Required action>
Return, from the material below, each line in which the word "supp" is present.

Extracted material>
┌──

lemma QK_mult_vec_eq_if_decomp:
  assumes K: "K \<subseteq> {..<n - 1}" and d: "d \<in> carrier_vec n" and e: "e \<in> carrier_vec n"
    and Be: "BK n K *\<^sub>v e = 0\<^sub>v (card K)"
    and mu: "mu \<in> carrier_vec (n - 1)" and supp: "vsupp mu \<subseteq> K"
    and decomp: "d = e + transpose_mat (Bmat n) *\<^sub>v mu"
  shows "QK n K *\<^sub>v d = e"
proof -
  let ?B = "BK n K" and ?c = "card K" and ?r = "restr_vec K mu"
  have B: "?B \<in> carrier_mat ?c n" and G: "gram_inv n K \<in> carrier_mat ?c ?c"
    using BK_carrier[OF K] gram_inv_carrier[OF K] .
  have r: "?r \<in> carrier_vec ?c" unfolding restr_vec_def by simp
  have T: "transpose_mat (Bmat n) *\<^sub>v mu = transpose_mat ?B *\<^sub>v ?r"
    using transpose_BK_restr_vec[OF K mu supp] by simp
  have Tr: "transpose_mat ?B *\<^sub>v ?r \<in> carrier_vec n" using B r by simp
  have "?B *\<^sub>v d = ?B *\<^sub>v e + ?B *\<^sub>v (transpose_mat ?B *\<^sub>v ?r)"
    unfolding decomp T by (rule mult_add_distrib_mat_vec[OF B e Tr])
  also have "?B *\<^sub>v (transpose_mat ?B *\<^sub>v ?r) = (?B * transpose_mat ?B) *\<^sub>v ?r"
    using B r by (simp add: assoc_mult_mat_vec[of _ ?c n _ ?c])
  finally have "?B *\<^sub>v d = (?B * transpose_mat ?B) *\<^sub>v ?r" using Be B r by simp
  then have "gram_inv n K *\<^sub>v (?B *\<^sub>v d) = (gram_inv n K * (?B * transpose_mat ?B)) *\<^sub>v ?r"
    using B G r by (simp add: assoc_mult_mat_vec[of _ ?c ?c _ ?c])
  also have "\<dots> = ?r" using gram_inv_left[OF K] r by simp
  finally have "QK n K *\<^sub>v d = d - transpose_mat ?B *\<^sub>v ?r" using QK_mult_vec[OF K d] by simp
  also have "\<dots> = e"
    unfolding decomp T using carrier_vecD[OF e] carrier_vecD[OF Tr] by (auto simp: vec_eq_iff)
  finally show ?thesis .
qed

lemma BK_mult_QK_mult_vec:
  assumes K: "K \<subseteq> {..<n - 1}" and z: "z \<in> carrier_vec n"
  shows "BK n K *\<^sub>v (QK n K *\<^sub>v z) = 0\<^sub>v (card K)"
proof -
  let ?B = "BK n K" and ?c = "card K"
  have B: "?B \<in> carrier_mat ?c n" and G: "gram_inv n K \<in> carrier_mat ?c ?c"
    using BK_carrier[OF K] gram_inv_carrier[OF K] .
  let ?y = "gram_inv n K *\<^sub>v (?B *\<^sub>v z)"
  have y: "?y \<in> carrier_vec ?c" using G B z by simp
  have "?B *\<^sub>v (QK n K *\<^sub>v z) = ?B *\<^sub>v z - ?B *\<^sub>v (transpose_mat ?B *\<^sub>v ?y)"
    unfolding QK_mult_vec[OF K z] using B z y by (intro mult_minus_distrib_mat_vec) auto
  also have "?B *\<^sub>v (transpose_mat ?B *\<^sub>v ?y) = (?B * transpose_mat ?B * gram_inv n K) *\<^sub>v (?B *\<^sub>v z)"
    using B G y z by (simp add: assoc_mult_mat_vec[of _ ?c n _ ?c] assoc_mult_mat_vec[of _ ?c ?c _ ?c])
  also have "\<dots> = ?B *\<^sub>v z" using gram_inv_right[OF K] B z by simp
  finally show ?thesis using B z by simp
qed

└──
┌──

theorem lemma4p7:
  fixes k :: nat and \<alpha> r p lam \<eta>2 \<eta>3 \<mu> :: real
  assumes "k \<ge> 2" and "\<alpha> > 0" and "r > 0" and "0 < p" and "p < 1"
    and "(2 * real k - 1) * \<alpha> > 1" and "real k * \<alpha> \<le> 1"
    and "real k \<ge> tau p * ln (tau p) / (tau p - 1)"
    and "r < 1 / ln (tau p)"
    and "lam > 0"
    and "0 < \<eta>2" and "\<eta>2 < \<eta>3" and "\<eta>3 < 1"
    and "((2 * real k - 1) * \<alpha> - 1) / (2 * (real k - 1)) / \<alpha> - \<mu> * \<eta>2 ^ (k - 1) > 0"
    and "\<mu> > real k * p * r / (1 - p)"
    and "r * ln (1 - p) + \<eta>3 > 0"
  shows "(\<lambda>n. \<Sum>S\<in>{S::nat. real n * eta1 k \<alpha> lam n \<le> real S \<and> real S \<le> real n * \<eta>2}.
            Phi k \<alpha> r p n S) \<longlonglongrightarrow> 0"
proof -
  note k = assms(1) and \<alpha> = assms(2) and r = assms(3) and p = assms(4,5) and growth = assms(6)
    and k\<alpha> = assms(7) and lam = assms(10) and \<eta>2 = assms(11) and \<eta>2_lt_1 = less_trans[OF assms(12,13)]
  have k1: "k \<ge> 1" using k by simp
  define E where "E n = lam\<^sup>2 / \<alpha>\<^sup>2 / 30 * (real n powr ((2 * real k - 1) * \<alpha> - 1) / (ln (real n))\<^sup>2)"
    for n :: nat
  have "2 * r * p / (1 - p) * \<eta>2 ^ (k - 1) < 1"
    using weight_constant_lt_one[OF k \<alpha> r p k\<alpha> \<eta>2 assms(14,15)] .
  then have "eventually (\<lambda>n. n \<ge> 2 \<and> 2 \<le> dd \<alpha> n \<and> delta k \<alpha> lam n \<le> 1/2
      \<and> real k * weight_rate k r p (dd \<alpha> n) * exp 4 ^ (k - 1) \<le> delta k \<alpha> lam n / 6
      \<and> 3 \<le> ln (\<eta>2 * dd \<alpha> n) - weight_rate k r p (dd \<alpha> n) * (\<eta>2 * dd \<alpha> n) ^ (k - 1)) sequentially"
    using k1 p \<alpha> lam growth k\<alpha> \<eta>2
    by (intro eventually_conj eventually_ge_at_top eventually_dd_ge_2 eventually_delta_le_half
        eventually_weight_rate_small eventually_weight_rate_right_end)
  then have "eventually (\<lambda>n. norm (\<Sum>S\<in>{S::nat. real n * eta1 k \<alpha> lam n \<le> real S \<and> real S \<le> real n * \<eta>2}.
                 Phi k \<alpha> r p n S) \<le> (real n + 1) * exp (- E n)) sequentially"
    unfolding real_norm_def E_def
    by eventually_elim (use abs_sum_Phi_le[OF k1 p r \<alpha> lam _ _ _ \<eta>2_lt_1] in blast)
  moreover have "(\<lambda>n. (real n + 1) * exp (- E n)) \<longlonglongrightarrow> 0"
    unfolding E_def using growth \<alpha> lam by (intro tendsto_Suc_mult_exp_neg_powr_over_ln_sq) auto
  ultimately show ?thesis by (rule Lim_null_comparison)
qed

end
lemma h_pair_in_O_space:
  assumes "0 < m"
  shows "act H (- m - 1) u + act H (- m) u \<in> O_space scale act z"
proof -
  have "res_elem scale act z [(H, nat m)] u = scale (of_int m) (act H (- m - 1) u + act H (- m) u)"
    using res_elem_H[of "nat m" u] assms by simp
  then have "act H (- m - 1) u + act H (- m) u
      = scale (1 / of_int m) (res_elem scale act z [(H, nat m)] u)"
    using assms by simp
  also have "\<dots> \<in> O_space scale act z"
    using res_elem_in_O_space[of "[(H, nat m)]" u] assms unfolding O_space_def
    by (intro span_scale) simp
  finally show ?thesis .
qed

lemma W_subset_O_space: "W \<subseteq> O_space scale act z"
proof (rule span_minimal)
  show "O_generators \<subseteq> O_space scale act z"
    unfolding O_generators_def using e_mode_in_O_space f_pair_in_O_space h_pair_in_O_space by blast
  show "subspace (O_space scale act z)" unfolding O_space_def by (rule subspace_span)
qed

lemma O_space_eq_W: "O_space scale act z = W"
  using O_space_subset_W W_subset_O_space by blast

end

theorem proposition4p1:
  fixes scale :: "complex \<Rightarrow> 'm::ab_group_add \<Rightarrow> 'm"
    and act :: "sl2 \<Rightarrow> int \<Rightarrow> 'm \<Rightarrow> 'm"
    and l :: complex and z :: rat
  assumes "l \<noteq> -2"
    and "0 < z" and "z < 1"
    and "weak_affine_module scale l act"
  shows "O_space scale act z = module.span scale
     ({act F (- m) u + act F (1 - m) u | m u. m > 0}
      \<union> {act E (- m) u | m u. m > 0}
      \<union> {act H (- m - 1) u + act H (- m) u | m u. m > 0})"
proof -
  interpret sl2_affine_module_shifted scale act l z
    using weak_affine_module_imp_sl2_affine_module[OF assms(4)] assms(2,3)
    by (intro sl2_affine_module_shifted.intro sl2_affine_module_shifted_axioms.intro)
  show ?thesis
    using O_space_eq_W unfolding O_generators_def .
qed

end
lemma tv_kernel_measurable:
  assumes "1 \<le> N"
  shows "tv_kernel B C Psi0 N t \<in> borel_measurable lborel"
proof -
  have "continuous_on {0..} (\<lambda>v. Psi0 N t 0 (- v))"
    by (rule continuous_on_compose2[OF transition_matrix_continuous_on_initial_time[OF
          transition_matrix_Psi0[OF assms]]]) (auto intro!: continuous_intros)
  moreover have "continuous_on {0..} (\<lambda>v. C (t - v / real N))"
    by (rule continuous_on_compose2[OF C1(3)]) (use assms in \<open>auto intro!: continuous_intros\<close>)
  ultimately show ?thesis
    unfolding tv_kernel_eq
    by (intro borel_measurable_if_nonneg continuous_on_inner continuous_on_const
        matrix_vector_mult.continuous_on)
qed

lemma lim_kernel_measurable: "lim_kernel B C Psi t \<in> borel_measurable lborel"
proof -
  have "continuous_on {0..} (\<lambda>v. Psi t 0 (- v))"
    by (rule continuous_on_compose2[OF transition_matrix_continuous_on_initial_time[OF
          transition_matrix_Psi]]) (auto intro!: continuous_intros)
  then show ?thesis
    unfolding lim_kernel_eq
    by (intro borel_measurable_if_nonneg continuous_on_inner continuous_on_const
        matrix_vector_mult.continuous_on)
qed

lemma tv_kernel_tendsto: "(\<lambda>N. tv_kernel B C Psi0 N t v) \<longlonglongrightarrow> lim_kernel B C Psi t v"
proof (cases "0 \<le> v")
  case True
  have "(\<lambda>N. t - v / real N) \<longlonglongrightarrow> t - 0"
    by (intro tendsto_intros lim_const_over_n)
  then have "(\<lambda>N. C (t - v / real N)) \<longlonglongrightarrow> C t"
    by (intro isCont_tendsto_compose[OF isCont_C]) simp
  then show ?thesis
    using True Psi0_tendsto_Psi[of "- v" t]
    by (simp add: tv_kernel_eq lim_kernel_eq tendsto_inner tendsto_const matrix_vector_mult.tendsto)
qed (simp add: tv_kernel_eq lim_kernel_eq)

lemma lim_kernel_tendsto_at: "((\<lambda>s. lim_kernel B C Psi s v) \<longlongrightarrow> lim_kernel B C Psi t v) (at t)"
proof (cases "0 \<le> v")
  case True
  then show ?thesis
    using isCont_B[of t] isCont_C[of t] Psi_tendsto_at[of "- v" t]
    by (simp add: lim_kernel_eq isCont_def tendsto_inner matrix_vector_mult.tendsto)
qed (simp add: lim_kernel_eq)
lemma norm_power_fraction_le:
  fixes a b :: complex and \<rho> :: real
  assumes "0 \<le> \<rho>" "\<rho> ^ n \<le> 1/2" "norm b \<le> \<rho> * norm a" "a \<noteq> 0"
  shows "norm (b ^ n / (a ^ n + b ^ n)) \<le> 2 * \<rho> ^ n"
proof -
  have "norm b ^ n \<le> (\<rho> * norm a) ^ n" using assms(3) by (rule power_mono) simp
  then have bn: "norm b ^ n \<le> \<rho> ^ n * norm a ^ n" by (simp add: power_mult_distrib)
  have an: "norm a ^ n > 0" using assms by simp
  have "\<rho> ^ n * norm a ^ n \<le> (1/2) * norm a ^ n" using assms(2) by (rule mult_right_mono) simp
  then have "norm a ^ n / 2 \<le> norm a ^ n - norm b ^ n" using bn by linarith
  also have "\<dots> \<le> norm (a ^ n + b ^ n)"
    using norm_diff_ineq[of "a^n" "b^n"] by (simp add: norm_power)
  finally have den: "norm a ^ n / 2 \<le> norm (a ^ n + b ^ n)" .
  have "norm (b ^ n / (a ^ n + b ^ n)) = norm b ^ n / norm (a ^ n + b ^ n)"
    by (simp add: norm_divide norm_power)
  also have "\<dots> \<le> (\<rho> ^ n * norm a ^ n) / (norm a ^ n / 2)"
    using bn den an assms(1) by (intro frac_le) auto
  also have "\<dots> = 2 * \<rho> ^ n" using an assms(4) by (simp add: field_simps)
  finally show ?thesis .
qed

└──

Solution below>
    and mu: "mu \<in> carrier_vec (n - 1)" and supp: "vsupp mu \<subseteq> K"
    using transpose_BK_restr_vec[OF K mu supp] by simp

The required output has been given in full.